The move to batch stimulation also reduces cycle time on the completion end, resulting in additional incremental cycle compression over and above pad drilling. Metrics for determining the impact of pad drilling include a mixture of rig count and well count. According to well count data released by Baker Hughes Inc., wells per rig in the Bakken grew from 2.46 on average in the first quarter 2012 to 3.25 for the second quarter 2013. At an average four wells per pad, operators were generating the equivalent of one more pad of completions at the midpoint of 2013, on an annualized run rate, than they were 18 months earlier.

Of note, the number of Williston Basin wells per quarter reached 609, according to Baker Hughes, exceeding the 603 drilled in third quarter 2012. Significantly, that output came despite a drop from an average 210 rigs working in the third quarter 2012 to just 187 in second quarter 2012. In other words, fewer active rigs were sustaining the same well count, implying an efficiency gain of 13% per rig in less than a year as operators embarked on the transition to pad drilling.

Despite the transition to fewer rigs, production continues to rise in the Bakken, topping 810,129 barrels of oil per day in May 2013, according to the Department of Mineral Resources at the North Dakota Industrial Commission (NDIC).
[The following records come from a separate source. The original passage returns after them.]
(* Let $A_1,A_2\subseteq A$ be disjoint, and let $M$ and $N$ be tree-like models with roots $s$ and $t$ respectively. If $M,s\succeq_{(A_1,A_2)}N,t$, then there exist a tree-like model $N'$ with root $t'$ and a relation $\mathcal Z\subseteq S^M\times S^{N'}$ such that (1) $N,t\,\underline{\leftrightarrow}\,N',t'$; (2) $\mathcal Z$ is an $(A_1,A_2)$-refinement between $M$ and $N'$ with $s\mathcal Zt'$; and (3) $\mathcal Z$ is injective: for all $v\in S^{N'}$ and $w_1,w_2\in S^M$, if $w_1\mathcal Zv$ and $w_2\mathcal Zv$ then $w_1=w_2$.
   Context: Fix a finite set $A$ of actions and a countably infinite set $Atom$ of propositional letters. A model is $M=\langle S^M,R^M,V^M\rangle$ with $S^M\neq\emptyset$ a set of states, $R^M_b\subseteq S^M\times S^M$ for each $b\in A$, and $V^M:Atom\to 2^{S^M}$. $R^+_M$ denotes the transitive closure of $\bigcup_{b\in A}R^M_b$. Refinements: given $P\subseteq Atom$ and disjoint $A_1,A_2\subseteq A$, a relation $\mathcal Z\subseteq S^M\times S^{M'}$ is a $P$-restricted $(A_1,A_2)$-refinement between $M$ and $M'$ if for every pair $u\mathcal Z u'$: (atoms) $u\in V^M(r)$ iff $u'\in V^{M'}(r)$ for all $r\in Atom\setminus P$; (forth) for every $a\in A\setminus A_2$ and every $v$ with $uR^M_a v$ there is $v'$ with $u'R^{M'}_a v'$ and $v\mathcal Z v'$; (back) for every $a\in A\setminus A_1$ and every $v'$ with $u'R^{M'}_a v'$ there is $v$ with $uR^M_a v$ and $v\mathcal Z v'$. Write $M,u\succeq^P_{(A_1,A_2)}M',u'$ if such a $\mathcal Z$ exists with $u\mathcal Z u'$; the superscript is omitted when $P=\emptyset$. A bisimulation is an $\emptyset$-restricted $(\emptyset,\emptyset)$-refinement; $M,s\,\underline{\leftrightarrow}\,N,t$ means one exists linking $s$ and $t$. A model $M$ is tree-like if: (i) there is a unique state $s$ (the root) such that $sR^+_Mt$ for all $t\in S^M\setminus\{s\}$; (ii) for each $t\in S^M\setminus\{s\}$ there is a unique $t'\in S^M$ with $t'R^M_at$ for some $a\in A$; (iii) $R^M_a\cap R^M_b=\emptyset$ for all distinct $a,b\in A$; (iv) $\langle t,t\rangle\notin R^+_M$ for all $t\in S^M$. *)

theory Defs
  imports Main
begin

text \<open>Actions: the finite type 'act (the action set A is UNIV).
  Propositional letters: nat (a countably infinite set Atom).\<close>

record ('s, 'act) model =
  St  :: "'s set"
  Rel :: "'act \<Rightarrow> ('s \<times> 's) set"
  Val :: "nat \<Rightarrow> 's set"

definition is_model :: "('s, 'act::finite) model \<Rightarrow> bool" where
  "is_model M \<longleftrightarrow> St M \<noteq> {} \<and> (\<forall>b. Rel M b \<subseteq> St M \<times> St M) \<and> (\<forall>p. Val M p \<subseteq> St M)"

definition Rplus :: "('s, 'act::finite) model \<Rightarrow> ('s \<times> 's) set" where
  "Rplus M = (\<Union>b. Rel M b)\<^sup>+"
section \<open>Independence structure of the iteration\<close>

lemma iter_cong:
  assumes "\<And>i j. i < n \<Longrightarrow> j < k \<Longrightarrow> T i j \<omega> = T' i j \<omega>'"
  shows "iter n gf T D x0 k \<omega> = iter n gf T' D x0 k \<omega>'"
  using assms by (induction k) auto

locale sketched_iteration = prob_space M for M :: "'a measure" +
  fixes n :: nat and gf :: "nat \<Rightarrow> real^'d \<Rightarrow> real^'d"
    and T :: "nat \<Rightarrow> nat \<Rightarrow> 'a \<Rightarrow> real^'d^'d" and D :: "real^'d^'d" and x0 :: "real^'d"
  assumes gf_measurable[measurable]: "\<And>i. i < n \<Longrightarrow> gf i \<in> borel_measurable borel"
    and T_measurable: "\<And>i k. i < n \<Longrightarrow> T i k \<in> borel_measurable M"
    and T_indep: "indep_vars (\<lambda>_. borel) (\<lambda>(i, k). T i k) ({..<n} \<times> UNIV)"
begin

abbreviation iterate :: "nat \<Rightarrow> 'a \<Rightarrow> real^'d" where
  "iterate \<equiv> iter n gf T D x0"

abbreviation rounds_before :: "nat \<Rightarrow> (nat \<times> nat) set" where
  "rounds_before k \<equiv> {..<n} \<times> {..<k}"

abbreviation round_at :: "nat \<Rightarrow> (nat \<times> nat) set" where
  "round_at k \<equiv> {..<n} \<times> {k}"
The new high represented a 2.1% gain in monthly production on a sequential basis.

Further gains are likely, though they may be back-end loaded in 2013 as weather-inspired delays on moving heavy equipment resulted in an increase of wells waiting on completion to 500 as of mid-July. That number is up from roughly 350 as recently as the end of 2012. The expanded backlog of uncompleted wells points to a bifurcation in the market. Operators have reduced drilling time to fewer than 22 days, when measured by spud time to total measured depth, according to the NDIC. Separately, a study of horizontal wells by the oil services team at RBC Capital Markets found drilling days for horizontal wells dropping from an average 34 for the first half of 2011 to 26 on average in the first have of 2013. However, record rainfalls in May increased the time it takes to move from rig release to initial production as load restrictions restricted the movement of well stimulation fleets. According to the NDIC, it now takes 92 days to move from total depth to initial production.

One characteristic of pad drilling is that it alters the way traditional production grows. On single well pads, production is added steadily as each new well is completed. On multi-well pads, multiple wells are drilled and completed first. then all the wells are turned to sales, creating lumpiness in the production stream.

As the Bakken dries out, the volume of record-setting monthly production will see additional step level gains in the second half of 2013.